The Wi-Fi Alliance, which certifies that Wi-Fi gear works well with together with other devices on a wireless network, will assure compliance with the low-level 60GHz communication protocol, Grodzinsky said. The WiGig Alliance, meanwhile, will certify compliance with the higher-level WBE, WSE, and WDE standards.
Bumps in the road?
So that's the vision. The reality might not be so smooth. In particular, input-output technologies are difficult to promote because they suffer acutely from chicken-and-egg difficulties. There's no point in the extra expense of adding support to computers or routers until there are devices that can take advantage of them, but there's no point in building those devices until they have something to connect to.
Wireless USB, which aimed to accomplish a narrower subset of what the WiGig Alliance expects for its 60GHz technology, is a good cautionary tale. Many companies worked on Wireless USB half a decade ago. Though a few Wireless USB devices arrived, the technology proved to be a dud.
Grodzinsky doesn't see a repeat, though.
Wireless USB "ran into the perfect storm--regulatory issues, performance issues, and a spec battle. The things you don't want to have happen in a new technology happened there," he said. Different international regulations meant that companies couldn't make Wireless USB products they could sell globally, and the USB Implementors' Forum pitted Wireless USB with a rival approach from a group called the UWB Forum.

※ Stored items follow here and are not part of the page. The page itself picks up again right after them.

(* Let $R$ be a commutative elementary divisor domain and $A,B\in M_2(R)$. Let $P_A,P_B,Q_A,Q_B\in GL_2(R)$ with $P_AAQ_A=E=\mathrm{diag}(\varepsilon_1,\varepsilon_2)$ and $P_BBQ_B=\Delta=\mathrm{diag}(\delta_1,\delta_2)$ $d$-matrices, and write $P_BP_A^{-1}=(s_{ij})_{i,j=1}^2$. Then the element $\big((\varepsilon_2,\delta_2),\,s_{21}[\varepsilon_1,\delta_1]\big)$ does not depend (up to a unit factor) on the choice of $P_A,P_B$, and a left greatest common divisor $(A,B)_l$ of $A$ and $B$ is equivalent to the $d$-matrix $$\mathrm{diag}\Big((\varepsilon_1,\delta_1),\ \big(\varepsilon_2,\delta_2,[\varepsilon_1,\delta_1]s_{21}\big)\Big).$$
   Context: An elementary divisor domain: a commutative integral domain over which every matrix is equivalent ($PAQ$, $P,Q$ invertible) to a $d$-matrix, i.e. a diagonal matrix $\mathrm{diag}(\varphi_1,\dots)$ with $\varphi_i\mid\varphi_{i+1}$; it is in particular a Bezout domain. $(a,b,\dots)$ denotes a greatest common divisor and $[a,b]$ a least common multiple (with $(a,0)=a$, $[a,0]=0$), both defined up to unit factors. $D$ is a left greatest common divisor of $A,B$ if $A=DA_1$, $B=DB_1$ for some matrices $A_1,B_1$ and every $D'$ with this property is a left divisor of $D$ ($D=D'C$ for some $C$). *)

theory Defs
  imports "Jordan_Normal_Form.Matrix"
begin

definition is_d_matrix :: "'a::idom mat \<Rightarrow> bool" where
  "is_d_matrix D \<longleftrightarrow>
     (\<forall>i j. i < dim_row D \<longrightarrow> j < dim_col D \<longrightarrow> i \<noteq> j \<longrightarrow> D $$ (i,j) = 0) \<and>
     (\<forall>i. Suc i < min (dim_row D) (dim_col D) \<longrightarrow> D $$ (i,i) dvd D $$ (Suc i, Suc i))"

definition mat_equiv :: "'a::idom mat \<Rightarrow> 'a mat \<Rightarrow> bool" where
  "mat_equiv A B \<longleftrightarrow>
     (\<exists>P Q. P \<in> carrier_mat (dim_row A) (dim_row A) \<and> Q \<in> carrier_mat (dim_col A) (dim_col A)
        \<and> invertible_mat P \<and> invertible_mat Q \<and> P * A * Q = B)"

definition elementary_divisor_domain :: "'a::idom itself \<Rightarrow> bool" where
  "elementary_divisor_domain _ \<longleftrightarrow>
     (\<forall>m n (A::'a mat). A \<in> carrier_mat m n \<longrightarrow> (\<exists>D. is_d_matrix D \<and> mat_equiv A D))"

definition is_gcd :: "'a::idom set \<Rightarrow> 'a \<Rightarrow> bool" where
  "is_gcd S g \<longleftrightarrow> (\<forall>s\<in>S. g dvd s) \<and> (\<forall>d. (\<forall>s\<in>S. d dvd s) \<longrightarrow> d dvd g)"

definition is_lcm :: "'a::idom \<Rightarrow> 'a \<Rightarrow> 'a \<Rightarrow> bool" where
  "is_lcm a b l \<longleftrightarrow> a dvd l \<and> b dvd l \<and> (\<forall>m. a dvd m \<longrightarrow> b dvd m \<longrightarrow> l dvd m)"

definition is_left_gcd :: "nat \<Rightarrow> 'a::idom mat \<Rightarrow> 'a mat \<Rightarrow> 'a mat \<Rightarrow> bool" where
  "is_left_gcd n A B D \<longleftrightarrow> D \<in> carrier_mat n n \<and>
     (\<exists>A1 B1. A1 \<in> carrier_mat n n \<and> B1 \<in> carrier_mat n n \<and> A = D * A1 \<and> B = D * B1) \<and>
     (\<forall>D'. D' \<in> carrier_mat n n \<longrightarrow>
        (\<exists>A1 B1. A1 \<in> carrier_mat n n \<and> B1 \<in> carrier_mat n n \<and> A = D' * A1 \<and> B = D' * B1) \<longrightarrow>
        (\<exists>C. C \<in> carrier_mat n n \<and> D = D' * C))"

definition diag2 :: "'a::zero \<Rightarrow> 'a \<Rightarrow> 'a mat" where
  "diag2 a b = mat_diag 2 (\<lambda>i. if i = 0 then a else b)"

end

theory Submission
  imports Defs
begin

(*
  Write d_1(X) and d_2(X) for the sets of common divisors of the entries and of the 2 x 2 minors
  of a matrix X with two rows (minor1_divisors, minor2_divisors).  They depend only on the span
  of the columns of X and are invariant under left multiplication by invertible matrices.  Over
  an elementary divisor domain the 2 x 4 matrix [A B] is right equivalent to some [D_0 0], so a
  left gcd D of A and B has the same column span as [A B], and
    d_k(D) = d_k([A B]) = d_k([S E, Delta])   with S = P_B P_A^-1.
  As det S is a unit and gcd * lcm = product, a direct computation gives
    d_1 = divisors of (eps_1, delta_1),
    d_2 = divisors of (eps_1, delta_1) * (eps_2, delta_2, [eps_1, delta_1] s_21).
  For a d-matrix diag(p_1, p_2) these are the divisors of p_1 and of p_1 p_2, which fixes p_1
  and p_2 up to units.  Since d_2([A B]) does not involve P_A and P_B, neither does
  (eps_2, delta_2, [eps_1, delta_1] s_21) once the factor (eps_1, delta_1) is cancelled; that
  factor vanishes only if all eps_i and delta_i do.
*)

section \<open>Column spans and determinantal divisors\<close>

definition det2 :: "'a::comm_ring_1 \<times> 'a \<Rightarrow> 'a \<times> 'a \<Rightarrow> 'a" where
  "det2 u v = fst u * snd v - snd u * fst v"

inductive_set col_span :: "('a::comm_ring_1 \<times> 'a) set \<Rightarrow> ('a \<times> 'a) set" for W where
  zero: "(0, 0) \<in> col_span W"
| base: "w \<in> W \<Longrightarrow> w \<in> col_span W"
| add: "u \<in> col_span W \<Longrightarrow> v \<in> col_span W \<Longrightarrow> (fst u + fst v, snd u + snd v) \<in> col_span W"
| smult: "u \<in> col_span W \<Longrightarrow> (r * fst u, r * snd u) \<in> col_span W"

definition same_col_span :: "('a::comm_ring_1 \<times> 'a) set \<Rightarrow> ('a \<times> 'a) set \<Rightarrow> bool" where
  "same_col_span W W' \<longleftrightarrow> W \<subseteq> col_span W' \<and> W' \<subseteq> col_span W"

definition minor1_divisors :: "('a::comm_ring_1 \<times> 'a) set \<Rightarrow> 'a set" where
  "minor1_divisors W = {c. \<forall>u\<in>W. c dvd fst u \<and> c dvd snd u}"

definition minor2_divisors :: "('a::comm_ring_1 \<times> 'a) set \<Rightarrow> 'a set" where
  "minor2_divisors W = {c. \<forall>u\<in>W. \<forall>v\<in>W. c dvd det2 u v}"

lemma col_span_mono: "u \<in> col_span W \<Longrightarrow> W \<subseteq> W' \<Longrightarrow> u \<in> col_span W'"
  by (induction rule: col_span.induct) (auto intro: col_span.intros)

lemma col_span_trans: "u \<in> col_span W \<Longrightarrow> W \<subseteq> col_span W' \<Longrightarrow> u \<in> col_span W'"
  by (induction rule: col_span.induct) (auto intro: col_span.intros)

lemma col_span_sum:
  assumes "finite K" "\<And>i. i \<in> K \<Longrightarrow> (a i, b i) \<in> col_span W"
  shows "((\<Sum>i\<in>K. a i * f i), (\<Sum>i\<in>K. b i * f i)) \<in> col_span W"
  using assms
proof (induction K rule: finite_induct)
  case empty
  then show ?case by (simp add: col_span.zero)
next
  case (insert x F)
  have "(f x * a x, f x * b x) \<in> col_span W"
    using col_span.smult[of "(a x, b x)" W "f x"] insert by simp
  then have "(a x * f x, b x * f x) \<in> col_span W" by (simp add: mult.commute)
  from col_span.add[OF this insert.IH] insert show ?case by simp
qed

lemma col_span_pair:
  "u \<in> col_span {v, w} \<Longrightarrow> \<exists>x y. u = (x * fst v + y * fst w, x * snd v + y * snd w)"
proof (induction rule: col_span.induct)
  case zero
  then show ?case by (intro exI[of _ 0]) simp
next
  case (base u)
  then show ?case
  proof
    assume "u = v"
    then show ?thesis by (intro exI[of _ 1] exI[of _ 0]) simp
  next
    assume "u \<in> {w}"
    then show ?thesis by (intro exI[of _ 0] exI[of _ 1]) simp
  qed
next
  case (add u u')
  then obtain x y x' y' where "u = (x * fst v + y * fst w, x * snd v + y * snd w)"
    "u' = (x' * fst v + y' * fst w, x' * snd v + y' * snd w)" by blast
  then show ?case by (intro exI[of _ "x + x'"] exI[of _ "y + y'"]) (simp add: algebra_simps)
next
  case (smult u r)
  then obtain x y where "u = (x * fst v + y * fst w, x * snd v + y * snd w)" by blast
  then show ?case by (intro exI[of _ "r * x"] exI[of _ "r * y"]) (simp add: algebra_simps)
qed

lemma same_col_span_sym: "same_col_span W W' \<Longrightarrow> same_col_span W' W"
  by (auto simp: same_col_span_def)

lemma same_col_span_trans: "same_col_span W W' \<Longrightarrow> same_col_span W' W'' \<Longrightarrow> same_col_span W W''"
  unfolding same_col_span_def using col_span_trans by blast

lemma same_col_span_Un:
  "same_col_span W\<^sub>1 W\<^sub>1' \<Longrightarrow> same_col_span W\<^sub>2 W\<^sub>2' \<Longrightarrow> same_col_span (W\<^sub>1 \<union> W\<^sub>2) (W\<^sub>1' \<union> W\<^sub>2')"
  unfolding same_col_span_def using col_span_mono by blast

lemma minor1_divisors_col_span:
  "u \<in> col_span W \<Longrightarrow> c \<in> minor1_divisors W \<Longrightarrow> c dvd fst u \<and> c dvd snd u"
  by (induction rule: col_span.induct) (auto simp: minor1_divisors_def)

lemma det2_add_right: "det2 u (fst v + fst w, snd v + snd w) = det2 u v + det2 u w"
  and det2_smult_right: "det2 u (r * fst v, r * snd v) = r * det2 u v"
  and det2_swap: "det2 v u = - det2 u v"
  by (simp_all add: det2_def algebra_simps)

"There were two groups fighting over a nonexistent pie," he said. In contrast, "The WiGig Alliance did a good job rallying its players behind its banner," submitting its technology to Institute for Electrical and Electronic Engineers and working with the Wi-Fi Alliance, DisplayPort, and HDMI groups.
Another challenge will be matching the reliability of cables. They can be messy and inconvenient, even when you haven't misplaced them, but they're a very economical, well-understood way to get data from point A to point B.
And cables are fast. The Thunderbolt connector on new Macs--an interface developed by Intel that formerly was called Light Peak--enables two bidirectional 10Gbps connections. That's well above USB 3's speeds, and it could get faster if Intel delivers on the original vision of fiber-optic connections.
But don't count 60GHz out. It's being developed by authoritative players, including the IEEE with the 802.11ad spec, and it's a member of the powerfully successful Wi-Fi family. Wireless technology is only getting more important.